El paisaje y los habitantes de la Mequinenza de Jesús Moncada volverán a hablar castellano. La editorial Anagrama, que ya había publicado las traducciones de sus dos primeras novelas, Camí de sirga y La galeria de les estàtues, acaba de editar Memoria estremecida, publicada originalmente en La Magrana en 1997. El autor, sin embargo, no quiere traducirse a sí mismo: "Esto me obligaría a recrear otra vez el libro y a replantearme las dudas que tuve al escribirlo", reflexiona.

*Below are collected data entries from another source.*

text \<open>Supremum norm on C(K), K a compact space given as a topology on a type.
  (For K empty, C(K) = {0} and the norm is 0.)\<close>
definition supnorm :: "'k topology \<Rightarrow> ('k \<Rightarrow> complex) \<Rightarrow> real" where
  "supnorm K f = (if topspace K = {} then 0 else (SUP k\<in>topspace K. cmod (f k)))"

text \<open>X (with the action act) is a left function module over A, witnessed by a
  compact Hausdorff space K whose points live in the type 'k. Elements of C(K)
  are the continuous maps K \<rightarrow> \<complex>, identified when they agree on topspace K.
  i is a linear isometry X \<rightarrow> C(K), \<theta> a contractive unital homomorphism
  A \<rightarrow> C(K), and i(a\<cdot>x) = \<theta>(a) i(x).\<close>
definition left_function_module ::
    "'k itself \<Rightarrow> ('a::complex_banach_algebra_1 \<Rightarrow> 'x::complex_banach_sp \<Rightarrow> 'x) \<Rightarrow> bool" where
  "left_function_module _ act \<longleftrightarrow>
     left_banach_module_action act \<and>
     (\<exists>(K::'k topology) (i::'x \<Rightarrow> 'k \<Rightarrow> complex) (\<theta>::'a \<Rightarrow> 'k \<Rightarrow> complex).
        compact_space K \<and> Hausdorff_space K \<and>
        (\<forall>x. continuous_map K euclidean (i x)) \<and>
        (\<forall>x y. \<forall>k\<in>topspace K. i (x + y) k = i x k + i y k) \<and>
        (\<forall>c x. \<forall>k\<in>topspace K. i (c *\<^sub>C x) k = c * i x k) \<and>
        (\<forall>x. supnorm K (i x) = norm x) \<and>
        (\<forall>a. continuous_map K euclidean (\<theta> a)) \<and>
        (\<forall>a b. \<forall>k\<in>topspace K. \<theta> (a + b) k = \<theta> a k + \<theta> b k) \<and>
        (\<forall>c a. \<forall>k\<in>topspace K. \<theta> (c *\<^sub>C a) k = c * \<theta> a k) \<and>
        (\<forall>a b. \<forall>k\<in>topspace K. \<theta> (a * b) k = \<theta> a k * \<theta> b k) \<and>
        (\<forall>k\<in>topspace K. \<theta> 1 k = 1) \<and>
        (\<forall>a. supnorm K (\<theta> a) \<le> norm a) \<and>
        (\<forall>a x. \<forall>k\<in>topspace K. i (act a x) k = \<theta> a k * i x k))"

end

theory Submission
  imports Defs
begin

text \<open>If \<phi> is a character, letting a act on X by the scalar \<phi>(a) realises X as a function
  module: embed X isometrically into C(K), K the weak* compact unit ball of the dual, by
  evaluation (Hahn--Banach supplies norming functionals), and send a to the constant function
  \<phi>(a); contractivity of \<theta> is the automatic bound |\<phi>(a)| \<le> \<parallel>a\<parallel>. Conversely, if a nonzero X is a
  function module via \<theta> : A \<rightarrow> C(K), then K is nonempty and evaluation of \<theta> at any point of K
  is a character.\<close>

section \<open>Hahn--Banach\<close>

definition sublinear :: "('x::real_vector \<Rightarrow> real) \<Rightarrow> bool" where
  "sublinear p \<longleftrightarrow>
     (\<forall>x y. p (x + y) \<le> p x + p y) \<and> (\<forall>t x. 0 \<le> t \<longrightarrow> p (t *\<^sub>R x) = t * p x)"

lemma sublinear_zero: "sublinear p \<Longrightarrow> p 0 = 0"
  unfolding sublinear_def by (metis order_refl scaleR_zero_left mult_zero_left)

lemma sublinear_norm: "sublinear norm"
  by (simp add: sublinear_def norm_triangle_ineq)

text \<open>Partial linear functionals are handled through their graphs, so that Zorn's lemma
  applies to the subset order.\<close>

definition linear_graph :: "('x::real_vector \<times> real) set \<Rightarrow> bool" where
  "linear_graph G \<longleftrightarrow> (0, 0) \<in> G \<and>
     (\<forall>x a y b. (x, a) \<in> G \<longrightarrow> (y, b) \<in> G \<longrightarrow> (x + y, a + b) \<in> G) \<and>
     (\<forall>x a c. (x, a) \<in> G \<longrightarrow> (c *\<^sub>R x, c * a) \<in> G)"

Memoria estremecida está a punto de salir en francés, en la editorial Gallimard, y cuenta Jesús Moncada (Mequinenza, 1941) que se también se editará en alemán. De hecho, apunta, "la traducción castellana es el vehículo para que una novela en catalán pueda ser vertida a otros idiomas". Y apostilla: "Acabo de recibir las pruebas de la versión japonesa de Camí de sirga", que ya ha aparecido en otras 13 lenguas. Moncada publicará un nuevo libro de cuentos, Calaveres atònites, el próximo mes de octubre. La novela que ahora presenta Anagrama, traducida por José Ferreras, recrea un caso verídico que conmovió a la sociedad mequinenzana en 1877 y que tuvo profundas repercusiones a lo largo de generaciones. Tan profundas, que muchos de sus habitantes consideraron que era mejor no remover el pasado cuando se enteraron de que el escritor se disponía a ello. Se trata del asalto a un recaudador de impuestos y a una pareja de guardias civiles efectuado por un grupo de cuatro bandoleros del pueblo. El caso, que terminó con la ejecución de los acusados, resucitó en la novela de Moncada gracias a una casualidad bastante novelesca. El escribano del juzgado de Caspe, un tal Agustí Montolí, dejó escrita su versión del suceso y del juicio, que calificó de "inquisitorial", en un manuscrito que quedó escondido durante más de 100 años y que fue a parar a manos del escritor. La presencia de los dos representantes de la Guardia Civil en el robo -uno murió y el otro quedó malherido- fue clave, evoca el autor, en la dureza del proceso que refirió Montolí. Y el hecho de que uno de los asaltantes se apellidara Borbón tuvo sus consecuencias. El susodicho ni llegó al juicio: se le aplicó la ley de fugas durante un traslado. Moncada explica que en Mequinenza corre la leyenda de que Carlos IV tuvo hijos con una muchacha del pueblo y se dignó a prestarles el apellido. Cuentan las malas lenguas que la Guardia Civil intentó evitar tener que juzgarlo, pero no quería que quedara impune. Con su muerte antes del juicio, relatada en la novela, se consiguieron ambas cosas.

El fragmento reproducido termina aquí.